Form 8-K

UNITED STATES

SECURITIES AND EXCHANGE COMMISSION

Washington, D.C. 20549

 


FORM 8-K

CURRENT REPORT

Pursuant to Section 13 or 15(d) of the

Securities Exchange Act of 1934

Date of Report (Date of earliest event reported): September 18, 2007

BRE PROPERTIES, INC.

(Exact name of registrant as specified in charter)

 

Maryland   001-14306   94-1722214

(State or other jurisdiction of

incorporation)

 

(Commission

File Number)

 

(I.R.S. Employer

Identification Number)

525 Market Street, 4th Floor, San Francisco, CA 94105-2712

(Address of principal executive offices) (Zip Code)

(415) 445-6530

(Registrant’s telephone number, including area code)

N/A

(Former name or former address, if changed since last report.)

Check the appropriate box below if the Form 8-K filing is intended to simultaneously satisfy the filing obligation of the registrant under any of the following provisions (see General Instruction A.2. below):

 

¨ Written communications pursuant to Rule 425 under the Securities Act (17 CFR 230.425)

 

¨ Soliciting material pursuant to Rule 14a-12 under the Exchange Act (17 CFR 240.14a-12)

 

¨ Pre-commencement communications pursuant to Rule 14d-2(b) under the Exchange Act (17 CFR 240.14d-2(b))

 

¨ Pre-commencement communications pursuant to Rule 13e-4(c) under the Exchange Act (17 CFR 240.13e-4(c))

 



ITEM 1.01. Entry Into a Material Definitive Agreement.

On September, 18 2007, we entered into an Amended and Restated Credit Agreement, by and among the company, the lenders party to the Amended and Restated Credit Agreement, Wachovia Capital Markets, LLC and RBS Securities Corporation, as joint lead arrangers and joint book managers, Wachovia Bank, National Association, as administrative agent, The Royal Bank of Scotland, plc, as syndication agent, and Bank of America, N.A., JPMorgan Chase Bank, N.A. and Deutsche Bank Securities, Inc., as co-documentation agents.

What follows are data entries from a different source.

text \<open>Ramsey's theorem for the colouring of pairs \<open>i < j\<close> by whether \<open>x i \<le> x j\<close>,
  \<open>x j < x i\<close> or neither: an infinite set of the second colour would give an infinite
  descending chain and one of the third colour an infinite antichain.\<close>
lemma artinian_narrow_monotone_subseq:
  fixes x :: "nat \<Rightarrow> 'b::order"
  assumes art: "artinian_set X" and nar: "narrow_set X" and x: "\<forall>i. x i \<in> X"
  shows "\<exists>H. infinite H \<and> (\<forall>i\<in>H. \<forall>j\<in>H. i < j \<longrightarrow> x i \<le> x j)"
proof -
  define c :: "nat set \<Rightarrow> nat" where
    "c P = (if x (Min P) \<le> x (Max P) then 0 else if x (Max P) < x (Min P) then 1 else 2)" for P
  have "\<forall>i\<in>UNIV. \<forall>j\<in>UNIV. i \<noteq> j \<longrightarrow> c {i, j} < 3" by (simp add: c_def)
  from Ramsey2[OF infinite_UNIV_nat this] obtain Y t
    where Y: "infinite Y" "t < 3" and ct: "\<forall>i\<in>Y. \<forall>j\<in>Y. i \<noteq> j \<longrightarrow> c {i, j} = t"
    by blast
  have colour: "t = (if x i \<le> x j then 0 else if x j < x i then 1 else 2)"
    if "i \<in> Y" "j \<in> Y" "i < j" for i j
  proof -
    have "Min {i, j} = i" "Max {i, j} = j" using that(3) by auto
    moreover have "c {i, j} = t" using ct that by simp
    ultimately show ?thesis by (simp only: c_def)
  qed
  consider "t = 0" | "t = 1" | "t = 2" using Y(2) by linarith
  then show ?thesis
  proof cases
    case 1
    then have "x i \<le> x j" if "i \<in> Y" "j \<in> Y" "i < j" for i j
      using colour[OF that] by (simp split: if_splits)
    with Y(1) show ?thesis by blast
  next
    case 2
    then have descending: "x j < x i" if "i \<in> Y" "j \<in> Y" "i < j" for i j
      using colour[OF that] by (cases "x i \<le> x j"; cases "x j < x i") simp_all
    have "enumerate Y n \<in> Y" "enumerate Y n < enumerate Y (Suc n)" for n
      using Y(1) by (simp_all add: enumerate_in_set enumerate_step)
    then have "\<exists>g. \<forall>n. g n \<in> X \<and> g (Suc n) < g n"
      using x descending by (intro exI[of _ "\<lambda>n. x (enumerate Y n)"]) simp
    with art show ?thesis by (simp add: artinian_set_def)
  next
    case 3
    then have incomparable_less: "\<not> x i \<le> x j \<and> \<not> x j \<le> x i"
      if "i \<in> Y" "j \<in> Y" "i < j" for i j
      using colour[OF that] by (cases "x i \<le> x j"; cases "x j < x i"; simp add: less_le; metis)
    have incomparable: "\<not> x i \<le> x j" if "i \<in> Y" "j \<in> Y" "i \<noteq> j" for i j
      using incomparable_less that by (cases "i < j") (simp_all add: not_less_iff_gr_or_eq)
    then have "inj_on x Y" by (intro inj_onI) (metis order_refl)
    moreover have "finite (x ` Y)"
    proof -
      have "\<forall>a\<in>x ` Y. \<forall>b\<in>x ` Y. a \<noteq> b \<longrightarrow> \<not> a \<le> b \<and> \<not> b \<le> a"
        using incomparable by blast
      moreover have "x ` Y \<subseteq> X" using x by blast
      ultimately show ?thesis using nar unfolding narrow_set_def by blast
    qed
    ultimately show ?thesis using Y(1) finite_image_iff by blast
  qed
qed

The Amended and Restated Credit Agreement increased the size of the revolving credit facility from $600 million to $750 million and extended the maturity date of the revolving credit facility from January 18, 2010 to September 18, 2012. In addition, the company has the ability from time to time to increase the size of the revolving credit facility by up to an additional $250 million, subject to receipt of lender commitments and other conditions precedent.

This description of the Amended and Restated Credit Agreement does not purport to be complete and is qualified in its entirety by reference to the Amended and Restated Credit Agreement, which has been filed as exhibit 10.1 to this report and is incorporated by reference in this report.


ITEM 9.01. Financial Statements and Exhibits.

(d) Exhibits.

 

Exhibit

Number

  

Description

10.1    Amended and Restated Credit Agreement by and among BRE Properties, Inc., as borrower, the lenders party thereto and each of Wachovia Capital Markets, LLC and RBS Securities Corporation, as joint lead arrangers and joint book managers, Wachovia Bank, National Association, as administrative agent, The Royal Bank of Scotland, plc, as syndication agent, and Bank of America, N.A., JPMorgan Chase Bank, N.A. and Deutsche Bank Securities, Inc., as co-documentation agents, entered into as of September 18, 2007.


SIGNATURES

Pursuant to the requirements of the Securities Exchange Act of 1934, the registrant has duly caused this report to be signed on its behalf by the undersigned hereunto duly authorized.

Date: September 20, 2007

 

BRE PROPERTIES, INC.

(Registrant)

By:   /s/ Kerry Fanwick
  Kerry Fanwick, Esq.
  Senior Vice President, General Counsel and Secretary


EXHIBIT INDEX

 

Exhibit
Number
  

Description

10.1    Amended and Restated Credit Agreement by and among BRE Properties, Inc., as borrower, the lenders party thereto and each of Wachovia Capital Markets, LLC and RBS Securities Corporation, as joint lead arrangers and joint book managers, Wachovia Bank, National Association, as administrative agent, The Royal Bank of Scotland, plc, as syndication agent, and Bank of America, N.A., JPMorgan Chase Bank, N.A. and Deutsche Bank Securities, Inc., as co-documentation agents, entered into as of September 18, 2007.